Description of the task =>
All lines in the data bearing the string "with" should be identified and copied.

Source records =>
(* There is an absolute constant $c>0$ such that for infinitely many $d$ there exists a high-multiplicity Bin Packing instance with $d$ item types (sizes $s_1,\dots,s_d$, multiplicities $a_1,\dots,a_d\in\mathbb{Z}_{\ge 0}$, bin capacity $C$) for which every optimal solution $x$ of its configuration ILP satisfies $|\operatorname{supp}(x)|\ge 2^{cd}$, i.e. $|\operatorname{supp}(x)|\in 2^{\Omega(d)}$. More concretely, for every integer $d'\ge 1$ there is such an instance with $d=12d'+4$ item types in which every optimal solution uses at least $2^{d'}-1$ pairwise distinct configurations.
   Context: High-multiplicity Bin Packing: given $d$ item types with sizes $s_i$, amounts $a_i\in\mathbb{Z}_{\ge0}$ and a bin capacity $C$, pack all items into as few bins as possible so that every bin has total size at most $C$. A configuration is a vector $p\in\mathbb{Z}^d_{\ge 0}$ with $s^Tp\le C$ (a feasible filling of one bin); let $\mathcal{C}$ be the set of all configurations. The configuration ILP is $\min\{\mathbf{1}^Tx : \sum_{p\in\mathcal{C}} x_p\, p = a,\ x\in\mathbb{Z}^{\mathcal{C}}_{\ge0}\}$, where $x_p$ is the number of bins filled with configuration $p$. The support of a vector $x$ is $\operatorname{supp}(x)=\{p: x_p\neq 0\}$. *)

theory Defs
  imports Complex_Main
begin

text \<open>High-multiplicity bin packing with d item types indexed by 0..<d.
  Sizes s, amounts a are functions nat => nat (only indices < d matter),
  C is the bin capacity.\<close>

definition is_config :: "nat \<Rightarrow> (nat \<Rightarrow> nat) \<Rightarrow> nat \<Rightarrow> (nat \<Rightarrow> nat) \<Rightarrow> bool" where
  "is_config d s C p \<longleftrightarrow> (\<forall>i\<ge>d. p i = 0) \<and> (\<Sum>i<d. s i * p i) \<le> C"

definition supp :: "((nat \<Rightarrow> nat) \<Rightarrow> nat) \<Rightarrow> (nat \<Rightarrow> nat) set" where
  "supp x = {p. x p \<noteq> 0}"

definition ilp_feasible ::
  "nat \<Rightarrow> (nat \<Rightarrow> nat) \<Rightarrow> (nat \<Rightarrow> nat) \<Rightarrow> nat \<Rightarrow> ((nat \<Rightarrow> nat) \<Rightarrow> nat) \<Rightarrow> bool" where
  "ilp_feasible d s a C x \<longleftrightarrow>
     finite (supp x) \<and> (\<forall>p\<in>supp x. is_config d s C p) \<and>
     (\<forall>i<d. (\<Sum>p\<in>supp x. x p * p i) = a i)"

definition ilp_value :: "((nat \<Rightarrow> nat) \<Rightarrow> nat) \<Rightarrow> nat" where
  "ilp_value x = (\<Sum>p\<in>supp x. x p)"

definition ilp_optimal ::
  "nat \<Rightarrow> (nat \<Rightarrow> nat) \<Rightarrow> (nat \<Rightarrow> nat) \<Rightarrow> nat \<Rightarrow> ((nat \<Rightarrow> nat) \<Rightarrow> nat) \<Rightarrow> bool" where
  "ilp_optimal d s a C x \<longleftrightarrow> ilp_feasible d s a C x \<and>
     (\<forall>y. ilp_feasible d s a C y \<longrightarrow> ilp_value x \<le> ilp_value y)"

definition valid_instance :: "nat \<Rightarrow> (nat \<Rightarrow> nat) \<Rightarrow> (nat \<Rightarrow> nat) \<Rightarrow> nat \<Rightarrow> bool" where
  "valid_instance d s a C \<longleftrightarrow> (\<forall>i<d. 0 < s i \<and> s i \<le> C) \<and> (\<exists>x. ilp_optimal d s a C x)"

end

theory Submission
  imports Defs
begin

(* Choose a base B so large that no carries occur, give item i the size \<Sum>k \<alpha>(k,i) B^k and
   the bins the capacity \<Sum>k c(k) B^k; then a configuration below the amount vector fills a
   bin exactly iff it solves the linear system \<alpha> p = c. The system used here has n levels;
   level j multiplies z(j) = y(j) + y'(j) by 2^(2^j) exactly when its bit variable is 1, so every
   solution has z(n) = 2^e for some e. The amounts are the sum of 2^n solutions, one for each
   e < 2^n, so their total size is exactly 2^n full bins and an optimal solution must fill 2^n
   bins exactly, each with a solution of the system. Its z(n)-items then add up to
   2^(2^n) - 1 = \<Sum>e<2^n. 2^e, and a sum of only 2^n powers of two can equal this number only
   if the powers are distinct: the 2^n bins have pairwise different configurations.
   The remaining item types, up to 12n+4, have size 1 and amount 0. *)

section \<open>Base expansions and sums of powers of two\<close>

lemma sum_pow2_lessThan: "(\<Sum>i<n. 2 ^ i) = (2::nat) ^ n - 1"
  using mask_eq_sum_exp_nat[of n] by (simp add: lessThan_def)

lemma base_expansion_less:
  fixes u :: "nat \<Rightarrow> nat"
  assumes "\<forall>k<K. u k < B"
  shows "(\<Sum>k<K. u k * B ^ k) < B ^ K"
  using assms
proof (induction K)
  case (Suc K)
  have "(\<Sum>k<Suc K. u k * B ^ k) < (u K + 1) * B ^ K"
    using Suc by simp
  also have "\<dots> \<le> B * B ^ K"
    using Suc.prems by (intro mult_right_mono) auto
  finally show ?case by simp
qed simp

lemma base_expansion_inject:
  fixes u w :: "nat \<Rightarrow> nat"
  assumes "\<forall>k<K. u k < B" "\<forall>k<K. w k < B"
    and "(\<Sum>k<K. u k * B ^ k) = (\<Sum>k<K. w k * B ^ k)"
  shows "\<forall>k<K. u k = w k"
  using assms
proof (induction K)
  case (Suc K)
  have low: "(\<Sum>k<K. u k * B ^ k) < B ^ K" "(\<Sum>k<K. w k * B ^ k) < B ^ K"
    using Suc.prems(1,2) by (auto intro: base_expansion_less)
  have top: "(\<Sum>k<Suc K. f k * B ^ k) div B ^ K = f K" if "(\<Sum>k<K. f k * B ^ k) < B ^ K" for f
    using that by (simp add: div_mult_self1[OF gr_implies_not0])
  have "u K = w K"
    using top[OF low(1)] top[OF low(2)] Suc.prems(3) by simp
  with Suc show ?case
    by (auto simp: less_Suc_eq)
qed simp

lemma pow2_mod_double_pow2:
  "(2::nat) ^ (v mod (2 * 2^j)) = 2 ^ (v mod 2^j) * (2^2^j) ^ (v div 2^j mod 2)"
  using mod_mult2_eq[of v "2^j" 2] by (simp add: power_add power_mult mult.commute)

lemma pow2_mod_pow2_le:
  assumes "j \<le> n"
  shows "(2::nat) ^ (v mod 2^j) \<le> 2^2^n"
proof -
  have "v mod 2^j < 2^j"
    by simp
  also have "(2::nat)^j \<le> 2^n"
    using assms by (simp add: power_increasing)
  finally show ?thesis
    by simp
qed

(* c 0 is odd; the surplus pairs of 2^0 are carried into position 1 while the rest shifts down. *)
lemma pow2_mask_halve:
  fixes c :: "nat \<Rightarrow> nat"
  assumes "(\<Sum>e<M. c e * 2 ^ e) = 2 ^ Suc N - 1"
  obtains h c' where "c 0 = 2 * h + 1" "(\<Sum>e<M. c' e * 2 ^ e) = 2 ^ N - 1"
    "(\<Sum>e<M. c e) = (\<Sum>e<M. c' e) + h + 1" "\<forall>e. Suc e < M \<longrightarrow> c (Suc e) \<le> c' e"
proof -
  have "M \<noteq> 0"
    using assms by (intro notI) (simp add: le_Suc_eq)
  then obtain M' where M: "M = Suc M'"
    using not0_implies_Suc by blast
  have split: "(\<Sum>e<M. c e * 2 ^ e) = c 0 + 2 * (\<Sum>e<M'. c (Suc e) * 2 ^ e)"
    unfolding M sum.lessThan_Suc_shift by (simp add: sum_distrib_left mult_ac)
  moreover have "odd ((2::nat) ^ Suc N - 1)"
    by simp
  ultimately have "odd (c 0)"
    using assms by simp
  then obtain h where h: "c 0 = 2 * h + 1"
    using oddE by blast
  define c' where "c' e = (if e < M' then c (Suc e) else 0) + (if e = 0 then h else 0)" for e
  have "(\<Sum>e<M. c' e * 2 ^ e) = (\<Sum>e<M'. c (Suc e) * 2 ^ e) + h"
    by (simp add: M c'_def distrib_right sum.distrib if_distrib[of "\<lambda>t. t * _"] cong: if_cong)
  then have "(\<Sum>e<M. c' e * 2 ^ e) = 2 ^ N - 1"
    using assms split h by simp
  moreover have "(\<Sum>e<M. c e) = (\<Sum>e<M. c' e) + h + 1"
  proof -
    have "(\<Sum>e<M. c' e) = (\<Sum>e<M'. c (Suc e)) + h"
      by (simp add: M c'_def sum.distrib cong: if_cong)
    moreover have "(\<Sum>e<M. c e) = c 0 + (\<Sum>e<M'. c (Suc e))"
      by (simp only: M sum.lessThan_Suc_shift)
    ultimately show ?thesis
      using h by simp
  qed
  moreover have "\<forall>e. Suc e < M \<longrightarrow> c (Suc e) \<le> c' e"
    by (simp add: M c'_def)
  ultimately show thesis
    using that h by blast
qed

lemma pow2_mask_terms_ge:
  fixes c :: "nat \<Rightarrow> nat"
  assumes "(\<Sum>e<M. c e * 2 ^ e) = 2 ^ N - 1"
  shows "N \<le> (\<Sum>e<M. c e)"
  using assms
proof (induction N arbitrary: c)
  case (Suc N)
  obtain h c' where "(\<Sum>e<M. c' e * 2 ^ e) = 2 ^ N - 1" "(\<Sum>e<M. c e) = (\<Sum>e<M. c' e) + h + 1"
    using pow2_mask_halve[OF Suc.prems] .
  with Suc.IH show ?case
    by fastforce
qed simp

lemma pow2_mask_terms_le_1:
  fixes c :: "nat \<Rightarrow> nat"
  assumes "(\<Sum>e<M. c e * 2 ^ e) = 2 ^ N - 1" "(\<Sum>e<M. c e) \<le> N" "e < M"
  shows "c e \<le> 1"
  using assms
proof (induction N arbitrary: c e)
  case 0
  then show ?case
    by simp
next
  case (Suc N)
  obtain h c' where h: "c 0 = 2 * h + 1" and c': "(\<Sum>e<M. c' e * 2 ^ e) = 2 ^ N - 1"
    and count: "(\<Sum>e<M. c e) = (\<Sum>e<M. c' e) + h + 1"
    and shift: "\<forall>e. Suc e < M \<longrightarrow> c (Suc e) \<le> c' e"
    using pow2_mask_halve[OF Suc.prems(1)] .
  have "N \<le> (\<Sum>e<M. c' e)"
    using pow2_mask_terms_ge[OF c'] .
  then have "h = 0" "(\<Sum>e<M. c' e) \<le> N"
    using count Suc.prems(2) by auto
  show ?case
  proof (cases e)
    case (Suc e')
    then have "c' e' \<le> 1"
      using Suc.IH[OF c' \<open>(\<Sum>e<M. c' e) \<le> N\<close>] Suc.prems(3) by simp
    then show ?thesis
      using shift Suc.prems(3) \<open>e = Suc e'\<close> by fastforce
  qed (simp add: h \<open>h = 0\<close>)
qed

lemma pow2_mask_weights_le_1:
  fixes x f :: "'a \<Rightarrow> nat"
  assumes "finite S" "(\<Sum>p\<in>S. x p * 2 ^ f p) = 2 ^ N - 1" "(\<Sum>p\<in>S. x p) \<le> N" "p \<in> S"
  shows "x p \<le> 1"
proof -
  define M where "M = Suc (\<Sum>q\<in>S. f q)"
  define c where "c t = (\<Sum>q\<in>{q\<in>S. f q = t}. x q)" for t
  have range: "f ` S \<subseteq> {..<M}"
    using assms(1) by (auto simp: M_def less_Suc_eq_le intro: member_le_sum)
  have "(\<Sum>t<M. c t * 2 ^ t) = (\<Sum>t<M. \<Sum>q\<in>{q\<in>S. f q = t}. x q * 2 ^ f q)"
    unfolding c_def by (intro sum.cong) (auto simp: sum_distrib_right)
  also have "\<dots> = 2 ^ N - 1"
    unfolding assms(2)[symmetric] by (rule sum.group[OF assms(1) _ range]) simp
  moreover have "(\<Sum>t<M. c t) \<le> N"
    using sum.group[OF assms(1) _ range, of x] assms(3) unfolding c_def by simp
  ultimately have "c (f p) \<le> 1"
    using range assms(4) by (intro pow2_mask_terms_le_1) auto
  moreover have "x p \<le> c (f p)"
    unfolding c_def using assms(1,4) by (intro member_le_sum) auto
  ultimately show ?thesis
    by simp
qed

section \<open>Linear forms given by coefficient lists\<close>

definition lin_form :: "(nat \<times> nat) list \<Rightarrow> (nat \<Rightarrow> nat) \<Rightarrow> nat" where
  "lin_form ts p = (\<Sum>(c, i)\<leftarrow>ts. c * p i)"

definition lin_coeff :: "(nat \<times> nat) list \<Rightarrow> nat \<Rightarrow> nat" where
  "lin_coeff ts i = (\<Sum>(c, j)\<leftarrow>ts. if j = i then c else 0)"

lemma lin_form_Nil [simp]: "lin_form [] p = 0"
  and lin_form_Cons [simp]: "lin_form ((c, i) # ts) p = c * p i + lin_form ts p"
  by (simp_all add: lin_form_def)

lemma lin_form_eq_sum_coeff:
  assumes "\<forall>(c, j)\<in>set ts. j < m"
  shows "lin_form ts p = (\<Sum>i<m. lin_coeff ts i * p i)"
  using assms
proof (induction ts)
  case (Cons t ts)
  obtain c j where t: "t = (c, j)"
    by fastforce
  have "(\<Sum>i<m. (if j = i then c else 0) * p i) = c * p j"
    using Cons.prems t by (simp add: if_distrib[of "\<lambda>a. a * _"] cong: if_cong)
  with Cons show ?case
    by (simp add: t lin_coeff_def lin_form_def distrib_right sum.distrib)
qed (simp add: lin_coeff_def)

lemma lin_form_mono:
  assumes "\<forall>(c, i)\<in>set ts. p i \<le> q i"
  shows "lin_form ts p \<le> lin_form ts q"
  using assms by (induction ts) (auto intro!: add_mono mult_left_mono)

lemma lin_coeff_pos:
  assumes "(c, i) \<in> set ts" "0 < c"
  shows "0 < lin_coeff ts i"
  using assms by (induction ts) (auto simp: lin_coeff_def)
--
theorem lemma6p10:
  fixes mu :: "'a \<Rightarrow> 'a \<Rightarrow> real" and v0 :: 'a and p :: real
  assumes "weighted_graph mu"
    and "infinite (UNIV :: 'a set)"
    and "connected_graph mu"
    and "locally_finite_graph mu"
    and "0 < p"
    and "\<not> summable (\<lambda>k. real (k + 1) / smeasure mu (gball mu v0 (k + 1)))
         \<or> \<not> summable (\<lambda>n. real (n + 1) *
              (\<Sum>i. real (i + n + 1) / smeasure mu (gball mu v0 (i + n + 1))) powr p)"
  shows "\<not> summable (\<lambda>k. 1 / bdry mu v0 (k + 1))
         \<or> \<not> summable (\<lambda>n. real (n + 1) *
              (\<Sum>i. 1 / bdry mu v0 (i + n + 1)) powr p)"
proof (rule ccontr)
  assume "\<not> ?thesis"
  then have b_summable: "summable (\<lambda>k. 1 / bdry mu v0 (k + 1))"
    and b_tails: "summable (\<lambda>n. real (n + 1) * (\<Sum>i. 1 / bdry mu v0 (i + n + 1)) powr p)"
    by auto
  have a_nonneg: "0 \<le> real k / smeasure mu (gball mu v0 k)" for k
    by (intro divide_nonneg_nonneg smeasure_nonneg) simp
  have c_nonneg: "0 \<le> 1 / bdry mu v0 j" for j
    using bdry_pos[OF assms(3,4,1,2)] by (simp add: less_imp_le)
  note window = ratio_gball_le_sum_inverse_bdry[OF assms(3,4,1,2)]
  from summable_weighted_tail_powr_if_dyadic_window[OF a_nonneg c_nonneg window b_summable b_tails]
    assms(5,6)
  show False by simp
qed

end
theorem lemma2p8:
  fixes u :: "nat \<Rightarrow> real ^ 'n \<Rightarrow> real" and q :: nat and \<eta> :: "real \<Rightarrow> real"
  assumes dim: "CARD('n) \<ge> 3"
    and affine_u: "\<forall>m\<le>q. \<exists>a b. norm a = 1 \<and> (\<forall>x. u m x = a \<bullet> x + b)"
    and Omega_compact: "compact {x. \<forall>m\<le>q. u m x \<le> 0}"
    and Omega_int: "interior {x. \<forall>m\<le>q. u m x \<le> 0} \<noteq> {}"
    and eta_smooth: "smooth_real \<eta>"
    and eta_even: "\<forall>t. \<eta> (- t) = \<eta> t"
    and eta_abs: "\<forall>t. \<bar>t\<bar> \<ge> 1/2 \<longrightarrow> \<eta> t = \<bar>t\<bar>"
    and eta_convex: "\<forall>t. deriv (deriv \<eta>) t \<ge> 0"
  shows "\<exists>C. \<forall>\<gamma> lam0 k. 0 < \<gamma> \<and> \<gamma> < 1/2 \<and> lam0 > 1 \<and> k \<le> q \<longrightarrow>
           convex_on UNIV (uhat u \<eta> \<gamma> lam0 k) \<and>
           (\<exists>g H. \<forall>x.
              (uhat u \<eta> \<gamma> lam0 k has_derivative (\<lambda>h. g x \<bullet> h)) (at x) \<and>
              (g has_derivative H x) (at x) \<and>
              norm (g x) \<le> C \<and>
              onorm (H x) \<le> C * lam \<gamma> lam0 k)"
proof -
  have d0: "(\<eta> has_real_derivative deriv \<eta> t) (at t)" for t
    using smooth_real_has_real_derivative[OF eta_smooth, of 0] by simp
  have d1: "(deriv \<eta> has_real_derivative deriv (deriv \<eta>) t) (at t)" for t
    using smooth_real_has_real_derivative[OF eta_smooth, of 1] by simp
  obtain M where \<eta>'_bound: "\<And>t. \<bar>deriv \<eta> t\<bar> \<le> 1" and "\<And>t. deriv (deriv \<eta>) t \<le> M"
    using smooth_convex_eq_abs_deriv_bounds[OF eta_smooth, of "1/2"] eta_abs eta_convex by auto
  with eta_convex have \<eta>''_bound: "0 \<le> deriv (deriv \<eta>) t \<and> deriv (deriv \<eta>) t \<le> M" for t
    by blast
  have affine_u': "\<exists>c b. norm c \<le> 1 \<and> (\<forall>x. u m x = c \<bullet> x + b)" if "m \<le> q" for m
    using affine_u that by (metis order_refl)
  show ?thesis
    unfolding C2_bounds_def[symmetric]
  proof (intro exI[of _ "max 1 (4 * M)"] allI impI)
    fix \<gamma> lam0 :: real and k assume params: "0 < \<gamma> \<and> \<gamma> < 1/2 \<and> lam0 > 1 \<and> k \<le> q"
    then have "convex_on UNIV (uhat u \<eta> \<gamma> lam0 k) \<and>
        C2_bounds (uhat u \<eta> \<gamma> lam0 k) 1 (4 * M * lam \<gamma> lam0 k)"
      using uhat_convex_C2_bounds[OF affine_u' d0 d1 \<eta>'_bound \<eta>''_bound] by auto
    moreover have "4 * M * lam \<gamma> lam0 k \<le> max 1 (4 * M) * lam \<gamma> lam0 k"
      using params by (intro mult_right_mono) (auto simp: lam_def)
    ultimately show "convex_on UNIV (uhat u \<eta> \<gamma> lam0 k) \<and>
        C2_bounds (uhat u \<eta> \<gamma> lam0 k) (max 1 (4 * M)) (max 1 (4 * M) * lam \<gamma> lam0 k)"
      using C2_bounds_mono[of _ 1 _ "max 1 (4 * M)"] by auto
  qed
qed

Solved problem =>
(* There is an absolute constant $c>0$ such that for infinitely many $d$ there exists a high-multiplicity Bin Packing instance with $d$ item types (sizes $s_1,\dots,s_d$, multiplicities $a_1,\dots,a_d\in\mathbb{Z}_{\ge 0}$, bin capacity $C$) for which every optimal solution $x$ of its configuration ILP satisfies $|\operatorname{supp}(x)|\ge 2^{cd}$, i.e. $|\operatorname{supp}(x)|\in 2^{\Omega(d)}$. More concretely, for every integer $d'\ge 1$ there is such an instance with $d=12d'+4$ item types in which every optimal solution uses at least $2^{d'}-1$ pairwise distinct configurations.
   Context: High-multiplicity Bin Packing: given $d$ item types with sizes $s_i$, amounts $a_i\in\mathbb{Z}_{\ge0}$ and a bin capacity $C$, pack all items into as few bins as possible so that every bin has total size at most $C$. A configuration is a vector $p\in\mathbb{Z}^d_{\ge 0}$ with $s^Tp\le C$ (a feasible filling of one bin); let $\mathcal{C}$ be the set of all configurations. The configuration ILP is $\min\{\mathbf{1}^Tx : \sum_{p\in\mathcal{C}} x_p\, p = a,\ x\in\mathbb{Z}^{\mathcal{C}}_{\ge0}\}$, where $x_p$ is the number of bins filled with configuration $p$. The support of a vector $x$ is $\operatorname{supp}(x)=\{p: x_p\neq 0\}$. *)
text \<open>High-multiplicity bin packing with d item types indexed by 0..<d.
   bins exactly, each with a solution of the system. Its z(n)-items then add up to
  with Suc show ?case
  with Suc.IH show ?case
  with Cons show ?case
  with eta_convex have \<eta>''_bound: "0 \<le> deriv (deriv \<eta>) t \<and> deriv (deriv \<eta>) t \<le> M" for t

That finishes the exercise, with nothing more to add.